Raja menyukainya, dan sejak saat itu coto resmi masuk dalam deretan masakan para anggota kerajaan dan bangsawan Gowa.
**
Sampai di sini, masihkah kita menganggap coto adalah soto yang kehilangan "s"? Tidak sobat, coto adalah coto, dan soto adalah soto. Tidak sama dan tidak bisa disamakan.
Dengan demikian jelas! Coto bukanlah soto.
Oh ya satu lagi, jika ternyata memang sajian makanan berkuah berasal dari ide makanan Chao-to, maka secara etimologi, telinga orang Makassar lebih peka terhadap dialek China. Kata Chao-to jelas lebih mirip Coto, daripada Soto.

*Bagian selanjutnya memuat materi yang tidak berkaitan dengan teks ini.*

lemma finite_partitions_nm: "finite (partitions_nm n m)"
proof (rule finite_subset)
  show "partitions_nm n m \<subseteq> Pow (Pow {..<n})"
    unfolding partitions_nm_def using partition_onD1 by fastforce
qed simp

lemma transversal_choice_permutes:
  assumes "transversal_choice n m \<phi>" "Q \<in> partitions_nm n m"
  shows "\<phi> Q permutes {..<n}"
  using assms by (simp add: transversal_choice_def)

lemma transversal_choice_inj_on:
  assumes "transversal_choice n m \<phi>"
  shows "inj_on \<phi> (partitions_nm n m)"
proof (rule inj_onI)
  fix Q Q' assume "Q \<in> partitions_nm n m" "Q' \<in> partitions_nm n m" "\<phi> Q = \<phi> Q'"
  then show "Q = Q'" using assms unfolding transversal_choice_def by metis
qed

lemma transversal_choice_coset:
  assumes "transversal_choice n m \<phi>" "m dvd n" "0 < m"
    and "Q \<in> partitions_nm n m" "\<sigma> permutes {..<n}"
  obtains \<tau> where "\<tau> \<in> wreath n m" "\<sigma> \<circ> \<phi> Q = \<phi> ((`) \<sigma> ` Q) \<circ> \<tau>"
proof -
  define Q' where "Q' = (`) \<sigma> ` Q"
  have Q': "Q' \<in> partitions_nm n m" unfolding Q'_def using image_partitions_nm assms(4,5) by blast
  have \<phi>: "\<phi> Q permutes {..<n}" "(\<lambda>i. \<phi> Q ` block n m i) ` {..<m} = Q"
    and \<phi>': "\<phi> Q' permutes {..<n}" "(\<lambda>i. \<phi> Q' ` block n m i) ` {..<m} = Q'"
    using assms(1,4) Q' by (auto simp: transversal_choice_def)
  define \<tau> where "\<tau> = inv (\<phi> Q') \<circ> \<sigma> \<circ> \<phi> Q"
  have "\<tau> \<in> wreath n m"
  proof (rule wreath_if_maps_blocks_to_blocks[OF assms(2,3)])
    show "\<tau> permutes {..<n}" unfolding \<tau>_def
      by (intro permutes_compose permutes_inv \<phi>(1) \<phi>'(1) assms(5))
    fix i assume "i < m"
    then have "\<sigma> ` \<phi> Q ` block n m i \<in> Q'" using \<phi>(2) by (auto simp: Q'_def)
    then have "\<sigma> ` \<phi> Q ` block n m i \<in> (\<lambda>i. \<phi> Q' ` block n m i) ` {..<m}"
      using \<phi>'(2) by simp
    then obtain i' where "i' < m" "\<sigma> ` \<phi> Q ` block n m i = \<phi> Q' ` block n m i'"
      by auto
    moreover have "\<tau> ` block n m i = inv (\<phi> Q') ` \<sigma> ` \<phi> Q ` block n m i"
      by (simp add: \<tau>_def image_comp)
    ultimately show "\<exists>i'<m. \<tau> ` block n m i = block n m i'"
      by (auto simp: image_image permutes_inverses(2)[OF \<phi>'(1)])
  qed
  moreover have "\<sigma> \<circ> \<phi> Q = \<phi> Q' \<circ> \<tau>"
    by (simp add: fun_eq_iff \<tau>_def permutes_inverses(1)[OF \<phi>'(1)])
  ultimately show ?thesis using that unfolding Q'_def by blast
qed
(* Let $Q:\mathcal{Z}\times\Theta\to\mathbb{R}$ be measurable with $A(\theta)=EQ(Z,\theta)$ existing for all $\theta\in\Theta$ and $A(e_1),\dots,A(e_M)$ finite, and let $Q_1(z,\theta,\theta')=Q(z,\theta)-Q(z,\theta')$. Assume that for some $\beta>0$ there is a Borel function $\Psi_\beta:\Theta\times\Theta\to\mathbb{R}_+$ such that $\theta\mapsto\Psi_\beta(\theta,\theta')$ is concave on $\Theta$ for each fixed $\theta'\in\Theta$, $\Psi_\beta(\theta,\theta)=1$, and $E\exp(-Q_1(Z,\theta,\theta')/\beta)\le\Psi_\beta(\theta,\theta')$ for all $\theta,\theta'\in\Theta$. Then the mirror averaging aggregate $\hat\theta_n$ with parameter $\beta$ satisfies, for any $M\ge2$, $n\ge1$, $$E_{n-1}A(\hat\theta_n)\le\min_{1\le j\le M}A(e_j)+\frac{\beta\log M}{n}.$$
   Context: $(\mathcal{Z},\mathfrak{F})$ is a measurable space, $M\ge2$, $\Theta=\{\theta\in\mathbb{R}^M:\sum_j\theta^{(j)}=1,\theta^{(j)}\ge0\}$, $e_j$ the $j$th unit vector, $z^{(j)}$ the $j$th component of $z\in\mathbb{R}^M$. $Z$ is a $\mathcal{Z}$-valued random variable with distribution $P$, expectation $E$; $Z_1,\dots,Z_n$ i.i.d. copies of $Z$; $E_{n-1}$ is expectation w.r.t. $(Z_1,\dots,Z_{n-1})$. Mirror averaging aggregate with parameter $\beta>0$: $W_\beta(\zeta)=\beta\log\big(\frac1M\sum_{j}e^{-\zeta^{(j)}/\beta}\big)$; $\zeta_0=0$, $\zeta_i=\zeta_{i-1}+u_i$ for $i=1,\dots,n-1$ with $u_i=(Q(Z_i,e_1),\dots,Q(Z_i,e_M))^\top$; $\theta_i=-\nabla W_\beta(\zeta_i)$, i.e. $\theta_i^{(j)}=e^{-\zeta_i^{(j)}/\beta}/\sum_ke^{-\zeta_i^{(k)}/\beta}$, for $i=0,\dots,n-1$; $\hat\theta_n=\frac1n\sum_{i=1}^n\theta_{i-1}$. *)

theory Defs
  imports "HOL-Analysis.Analysis" "HOL-Probability.Probability"
begin

definition Theta :: "(real ^ 'm) set" where
  "Theta = {\<theta>. (\<forall>j. \<theta> $ j \<ge> 0) \<and> (\<Sum>j\<in>UNIV. \<theta> $ j) = 1}"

Dan yang lebih penting, melihat perbedaan usia eksistensi di antara keduanya, bisa saja soto adalah mutasi dari coto.
Lantas mengapa namanya bisa menjadi (s)oto?
Karena jika Cotho, maka kasusnya akan sama dengan pengalaman Kompasianer Susy Haryawan.
Suatu waktu ia sedang lapar. Ingin masak, tetapi bahan makanan pas habis. Lantas datanglah Mba Siti Nazarotin yang baik hati. Ia berjanji untuk mengirim makanan buat Om Susy.
Setelah ditunggu berjam-jam lamanya, makanan yang dijanjikan pun tiba. Tapi, tidak bisa dimakan, sebabnya dalam bentuk virtual. "Jan cotho nek ngene."